PROBLEM: Identify each line in the records below that contains the word "induction", and copy it.

** RECORD SET follows **

(* Let $G=\langle g,h\rangle$ be a non-cyclic torsion-free group. Let $G_1=\langle g_1,h_1\rangle$ and $G_2=\langle g_2,h_2\rangle$ be two copies of $G$ (with $g_i,h_i$ corresponding to $g,h$), and let $H=G_1*_{\langle g_1\rangle=\langle g_2\rangle}G_2$ be the free product with amalgamation in which $g_1$ is identified with $g_2$; write $g$ for this common element of $H$. Let $K=\langle h_2^{-1}h_1,g\rangle\le H$. Then for every nonzero $n\in\mathbb{Z}$, \[(h_2^{-1}h_1)^n\notin\langle\langle g\rangle\rangle_K.\]
   Context: $\langle\langle g\rangle\rangle_K$ denotes the normal closure of $g$ in $K$. *)

theory Defs
  imports "HOL-Algebra.Algebra"
begin

text \<open>Amalgamated free product of two copies of a group G along a subgroup S,
  the subgroup S of the first copy being identified with S in the second copy
  via the identity map.  Realised as a presentation: words over the disjoint union
  of two copies of carrier G (letter (x,True) is x in copy 1, (x,False) is x in copy 2)
  modulo the smallest congruence (w.r.t. concatenation) identifying
  [(x,b),(y,b)] with [(x*y,b)], [(1,b)] with the empty word, and
  [(s,True)] with [(s,False)] for s in S.\<close>

inductive amal_eq :: "('a, 'b) monoid_scheme \<Rightarrow> 'a set \<Rightarrow> ('a \<times> bool) list \<Rightarrow> ('a \<times> bool) list \<Rightarrow> bool"
  for G S where
  refl: "amal_eq G S w w"
| sym: "amal_eq G S u v \<Longrightarrow> amal_eq G S v u"
| trans: "amal_eq G S u v \<Longrightarrow> amal_eq G S v w \<Longrightarrow> amal_eq G S u w"
| cong: "amal_eq G S u v \<Longrightarrow> amal_eq G S (a @ u @ c) (a @ v @ c)"
| mult: "x \<in> carrier G \<Longrightarrow> y \<in> carrier G \<Longrightarrow> amal_eq G S [(x, b), (y, b)] [(x \<otimes>\<^bsub>G\<^esub> y, b)]"
| one: "amal_eq G S [(\<one>\<^bsub>G\<^esub>, b)] []"
| amal: "s \<in> S \<Longrightarrow> amal_eq G S [(s, True)] [(s, False)]"

definition amal_class :: "('a, 'b) monoid_scheme \<Rightarrow> 'a set \<Rightarrow> ('a \<times> bool) list \<Rightarrow> ('a \<times> bool) list set"
  where "amal_class G S w = {v. amal_eq G S w v}"

definition amal_mult :: "('a, 'b) monoid_scheme \<Rightarrow> 'a set \<Rightarrow> ('a \<times> bool) list set \<Rightarrow> ('a \<times> bool) list set \<Rightarrow> ('a \<times> bool) list set"
  where "amal_mult G S A B = {w. \<exists>u\<in>A. \<exists>v\<in>B. amal_eq G S (u @ v) w}"

definition amalgam :: "('a, 'b) monoid_scheme \<Rightarrow> 'a set \<Rightarrow> (('a \<times> bool) list set) monoid"
  where "amalgam G S =
    \<lparr> carrier = {amal_class G S w | w. set w \<subseteq> carrier G \<times> UNIV},
      monoid.mult = amal_mult G S,
      one = amal_class G S [] \<rparr>"

definition amal_in :: "('a, 'b) monoid_scheme \<Rightarrow> 'a set \<Rightarrow> bool \<Rightarrow> 'a \<Rightarrow> ('a \<times> bool) list set"
  where "amal_in G S b x = amal_class G S [(x, b)]"

definition normal_closure_in :: "('c, 'd) monoid_scheme \<Rightarrow> 'c set \<Rightarrow> 'c \<Rightarrow> 'c set"
  where "normal_closure_in H K x =
    generate (H\<lparr>carrier := K\<rparr>) {k \<otimes>\<^bsub>H\<^esub> x \<otimes>\<^bsub>H\<^esub> inv\<^bsub>H\<^esub> k | k. k \<in> K}"

end

theory Submission
  imports Defs "HOL-Library.Indicator_Function"
begin

(* Let C = <g>; as G is not cyclic, h is not in C.  Map H to the semidirect product of the
   G-module Z^(G/C) by G: send x in the first copy to (0, x) and x in the second copy to
   (\<delta> - x\<delta>, x), where \<delta> is the indicator of the coset C.  The second map is a homomorphism
   because x \<mapsto> \<delta> - x\<delta> is a coboundary, and the two maps agree on C because C fixes the
   coset C, so together they define a homomorphism on H.  On the elements whose G-component
   lies in C, in particular on K, the coefficient at the coset C is additive, i.e. a
   homomorphism K \<rightarrow> Z.  It vanishes on g, hence on the normal closure of g in K, but takes
   the value n on (h2^-1 h1)^n, since h2^-1 h1 maps to (\<delta> - h^-1 \<delta>, 1) and h \<notin> C. *)

lemma (in group) notin_generate_singleton_if_noncyclic:
  assumes "carrier G = generate G {g, h}" "g \<in> carrier G"
    and "\<not> (\<exists>x \<in> carrier G. carrier G = generate G {x})"
  shows "h \<notin> generate G {g}"
proof
  assume "h \<in> generate G {g}"
  then have "generate G {g, h} \<subseteq> generate G {g}"
    using assms(2) by (intro generate_subgroup_incl generate_is_subgroup) (auto intro: generate.incl)
  moreover have "generate G {g} \<subseteq> carrier G"
    using assms(2) by (intro generate_incl) simp
  ultimately show False
    using assms by auto
qed

lemma (in group_hom) compose_hom_on_generate:
  assumes "A \<subseteq> carrier G" "subgroup J H" "h ` A \<subseteq> J" "\<psi> \<in> hom (H\<lparr>carrier := J\<rparr>) M"
  shows "\<psi> \<circ> h \<in> hom (G\<lparr>carrier := generate G A\<rparr>) M"
proof -
  have "h ` generate G A \<subseteq> J"
    using assms(1,2,3) by (simp add: generate_img[symmetric] H.generate_subgroup_incl)
  moreover have "generate G A \<subseteq> carrier G"
    using assms(1) by (rule G.generate_incl)
  ultimately show ?thesis
    using assms(4) by (fastforce simp: hom_def Pi_iff subset_iff)
qed

lemma (in group) normal_closure_in_subset_kernel:
  assumes "subgroup K G" "x \<in> K" "group A" "\<phi> \<in> hom (G\<lparr>carrier := K\<rparr>) A" "\<phi> x = \<one>\<^bsub>A\<^esub>"
  shows "normal_closure_in G K x \<subseteq> kernel (G\<lparr>carrier := K\<rparr>) A \<phi>"
proof -
  interpret K: group "G\<lparr>carrier := K\<rparr>"
    using assms(1) by (rule subgroup_imp_group)
  interpret \<phi>: group_hom "G\<lparr>carrier := K\<rparr>" A \<phi>
    using assms(3,4) by (simp add: group_hom_def group_hom_axioms_def K.is_group)
  have "k \<otimes> x \<otimes> inv k \<in> kernel (G\<lparr>carrier := K\<rparr>) A \<phi>" if "k \<in> K" for k
  proof -
    have k: "k \<in> carrier (G\<lparr>carrier := K\<rparr>)" and x: "x \<in> carrier (G\<lparr>carrier := K\<rparr>)"
      using that assms(2) by simp_all
    have conj: "k \<otimes> x \<otimes> inv k = k \<otimes>\<^bsub>G\<lparr>carrier := K\<rparr>\<^esub> x \<otimes>\<^bsub>G\<lparr>carrier := K\<rparr>\<^esub> inv\<^bsub>G\<lparr>carrier := K\<rparr>\<^esub> k"
      using assms(1) that by simp
    have "\<phi> (k \<otimes>\<^bsub>G\<lparr>carrier := K\<rparr>\<^esub> x \<otimes>\<^bsub>G\<lparr>carrier := K\<rparr>\<^esub> inv\<^bsub>G\<lparr>carrier := K\<rparr>\<^esub> k)
        = \<phi> k \<otimes>\<^bsub>A\<^esub> \<phi> x \<otimes>\<^bsub>A\<^esub> inv\<^bsub>A\<^esub> \<phi> k"
      by (simp only: \<phi>.hom_mult[OF K.m_closed[OF k x] K.inv_closed[OF k]] \<phi>.hom_mult[OF k x]
          \<phi>.hom_inv[OF k])
    also have "\<dots> = \<one>\<^bsub>A\<^esub>"
      using k assms(5) by simp
    finally show ?thesis
      unfolding conj kernel_def using K.m_closed[OF K.m_closed[OF k x] K.inv_closed[OF k]] by blast
  qed
  then show ?thesis
    unfolding normal_closure_in_def by (intro K.generate_subgroup_incl \<phi>.subgroup_kernel) auto
qed

lemma (in group) int_pow_notin_normal_closure_in:
  fixes n :: int
  assumes "subgroup K G" "x \<in> K" "y \<in> K" "\<phi> \<in> hom (G\<lparr>carrier := K\<rparr>) integer_group"
    and "\<phi> x = 0" "\<phi> y \<noteq> 0" "n \<noteq> 0"
  shows "y [^] n \<notin> normal_closure_in G K x"
proof
  assume "y [^] n \<in> normal_closure_in G K x"
  then have "\<phi> (y [^] n) = 0"
    using normal_closure_in_subset_kernel[OF assms(1,2) group_integer_group assms(4)] assms(5)
    by (auto simp: kernel_def)
  moreover have "\<phi> (y [^] n) = n * \<phi> y"
    using hom_int_pow[OF assms(4), of y n] assms(1,3) subgroup_imp_group[OF assms(1)]
    by (simp add: int_pow_consistent)
  ultimately show False
    using assms(6,7) by simp
qed

lemma amal_eq_append:
  "amal_eq G S u u' \<Longrightarrow> amal_eq G S v v' \<Longrightarrow> amal_eq G S (u @ v) (u' @ v')"
  using amal_eq.cong[of G S u u' "[]" v] amal_eq.cong[of G S v v' u' "[]"] amal_eq.trans
  by fastforce

lemma mem_amal_class_iff: "v \<in> amal_class G S u \<longleftrightarrow> amal_eq G S u v"
  by (simp add: amal_class_def)

lemma amal_class_eq_iff: "amal_class G S u = amal_class G S v \<longleftrightarrow> amal_eq G S u v"
proof
  assume "amal_class G S u = amal_class G S v"
  then show "amal_eq G S u v"
    using amal_eq.refl[of G S v] by (simp add: mem_amal_class_iff[symmetric])
next
  assume uv: "amal_eq G S u v"
  show "amal_class G S u = amal_class G S v"
  proof (rule Set.set_eqI)
    fix w
    show "w \<in> amal_class G S u \<longleftrightarrow> w \<in> amal_class G S v"
      unfolding mem_amal_class_iff
      using amal_eq.trans[OF uv] amal_eq.trans[OF amal_eq.sym[OF uv]] by blast
  qed
qed

lemma carrier_amalgam: "carrier (amalgam G S) = {amal_class G S w | w. set w \<subseteq> carrier G \<times> UNIV}"
  by (simp add: amalgam_def)

lemma one_amalgam: "\<one>\<^bsub>amalgam G S\<^esub> = amal_class G S []"
  by (simp add: amalgam_def)

lemma mult_amalgam_class:
  "amal_class G S u \<otimes>\<^bsub>amalgam G S\<^esub> amal_class G S v = amal_class G S (u @ v)"
proof (rule Set.set_eqI)
  fix w
  have "(\<exists>u' v'. amal_eq G S u u' \<and> amal_eq G S v v' \<and> amal_eq G S (u' @ v') w)
        \<longleftrightarrow> amal_eq G S (u @ v) w"
    using amal_eq.trans[OF amal_eq_append] amal_eq.refl by blast
  then show "w \<in> amal_class G S u \<otimes>\<^bsub>amalgam G S\<^esub> amal_class G S v \<longleftrightarrow> w \<in> amal_class G S (u @ v)"
    by (simp add: amalgam_def amal_mult_def Bex_def mem_amal_class_iff)
qed

lemma amal_class_in_carrier:
  "set w \<subseteq> carrier G \<times> UNIV \<Longrightarrow> amal_class G S w \<in> carrier (amalgam G S)"
  by (auto simp: carrier_amalgam)

lemma (in group) amal_eq_inv_letter:
  assumes "x \<in> carrier G"
  shows "amal_eq G S [(inv x, b), (x, b)] []"
proof -
  have "amal_eq G S [(inv x, b), (x, b)] [(\<one>, b)]"
    using amal_eq.mult[of "inv x" G x S b] assms by simp
  then show ?thesis
    using amal_eq.one by (rule amal_eq.trans)
qed

lemma (in group) amal_eq_inverse_word:
  "set w \<subseteq> carrier G \<times> UNIV \<Longrightarrow> amal_eq G S (rev (map (\<lambda>(x, b). (inv x, b)) w) @ w) []"
proof (induction w)
  case Nil
  show ?case by (simp add: amal_eq.refl)
next
  case (Cons a w)
  obtain x b where a: "a = (x, b)" by force
  let ?w' = "rev (map (\<lambda>(x, b). (inv x, b)) w)"
  have "amal_eq G S (?w' @ [(inv x, b), (x, b)] @ w) (?w' @ [] @ w)"
    using Cons.prems a by (intro amal_eq.cong amal_eq_inv_letter) auto
  moreover have "amal_eq G S (?w' @ w) []"
    using Cons.prems by (intro Cons.IH) auto
  ultimately show ?case
    using amal_eq.trans a by simp
qed

lemma (in group) group_amalgam: "group (amalgam G S)"
proof (rule groupI)
  fix x y
  assume "x \<in> carrier (amalgam G S)" "y \<in> carrier (amalgam G S)"
  then obtain u v where "x = amal_class G S u" "set u \<subseteq> carrier G \<times> UNIV"
    and "y = amal_class G S v" "set v \<subseteq> carrier G \<times> UNIV"
    by (auto simp: carrier_amalgam)
  then show "x \<otimes>\<^bsub>amalgam G S\<^esub> y \<in> carrier (amalgam G S)"
    by (simp add: mult_amalgam_class amal_class_in_carrier)
next
  fix x
  assume "x \<in> carrier (amalgam G S)"
  then obtain w where w: "x = amal_class G S w" "set w \<subseteq> carrier G \<times> UNIV"
    by (auto simp: carrier_amalgam)
  let ?w' = "rev (map (\<lambda>(x, b). (inv x, b)) w)"
  have "amal_class G S ?w' \<otimes>\<^bsub>amalgam G S\<^esub> x = \<one>\<^bsub>amalgam G S\<^esub>"
    using amal_eq_inverse_word[OF w(2)]
    by (simp add: w(1) mult_amalgam_class one_amalgam amal_class_eq_iff)
  moreover have "amal_class G S ?w' \<in> carrier (amalgam G S)"
    using w(2) by (intro amal_class_in_carrier) auto
  ultimately show "\<exists>y \<in> carrier (amalgam G S). y \<otimes>\<^bsub>amalgam G S\<^esub> x = \<one>\<^bsub>amalgam G S\<^esub>"
    by blast
qed (auto simp: carrier_amalgam one_amalgam mult_amalgam_class)

lemma (in group) amal_in_hom: "amal_in G S b \<in> hom G (amalgam G S)"
proof (rule homI)
  fix x y
  assume "x \<in> carrier G" "y \<in> carrier G"
  then show "amal_in G S b (x \<otimes> y) = amal_in G S b x \<otimes>\<^bsub>amalgam G S\<^esub> amal_in G S b y"
    by (simp add: amal_in_def mult_amalgam_class amal_class_eq_iff amal_eq.sym amal_eq.mult)
qed (simp add: amal_in_def amal_class_in_carrier)

locale amalgam_extension = G: group G + L: group L
  for G :: "('a, 'b) monoid_scheme" and S :: "'a set" and L :: "('c, 'd) monoid_scheme"
  and f1 f2 :: "'a \<Rightarrow> 'c" +
  assumes hom1: "f1 \<in> hom G L" and hom2: "f2 \<in> hom G L"
    and agree: "\<And>s. s \<in> S \<Longrightarrow> s \<in> carrier G \<Longrightarrow> f1 s = f2 s"
begin

(* Words related by amal_eq may contain letters outside carrier G (rule cong); these are sent
   to the unit. *)
definition letter_image :: "'a \<times> bool \<Rightarrow> 'c" where
  "letter_image a = (if fst a \<in> carrier G then (if snd a then f1 else f2) (fst a) else \<one>\<^bsub>L\<^esub>)"

definition word_image :: "('a \<times> bool) list \<Rightarrow> 'c" where
  "word_image w = foldr (\<lambda>a r. letter_image a \<otimes>\<^bsub>L\<^esub> r) w \<one>\<^bsub>L\<^esub>"

definition extension :: "('a \<times> bool) list set \<Rightarrow> 'c" where
  "extension A = word_image (SOME w. w \<in> A)"

lemma letter_image_closed: "letter_image a \<in> carrier L"
  using hom1 hom2 by (simp add: letter_image_def hom_in_carrier)

lemma word_image_closed: "word_image w \<in> carrier L"
  by (induction w) (simp_all add: word_image_def letter_image_closed)

lemma word_image_Cons: "word_image (a # w) = letter_image a \<otimes>\<^bsub>L\<^esub> word_image w"
  by (simp add: word_image_def)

** End of RECORD SET **

ANSWER TO THIS TASK:
proof (induction w)
  by (induction w) (simp_all add: word_image_def letter_image_closed)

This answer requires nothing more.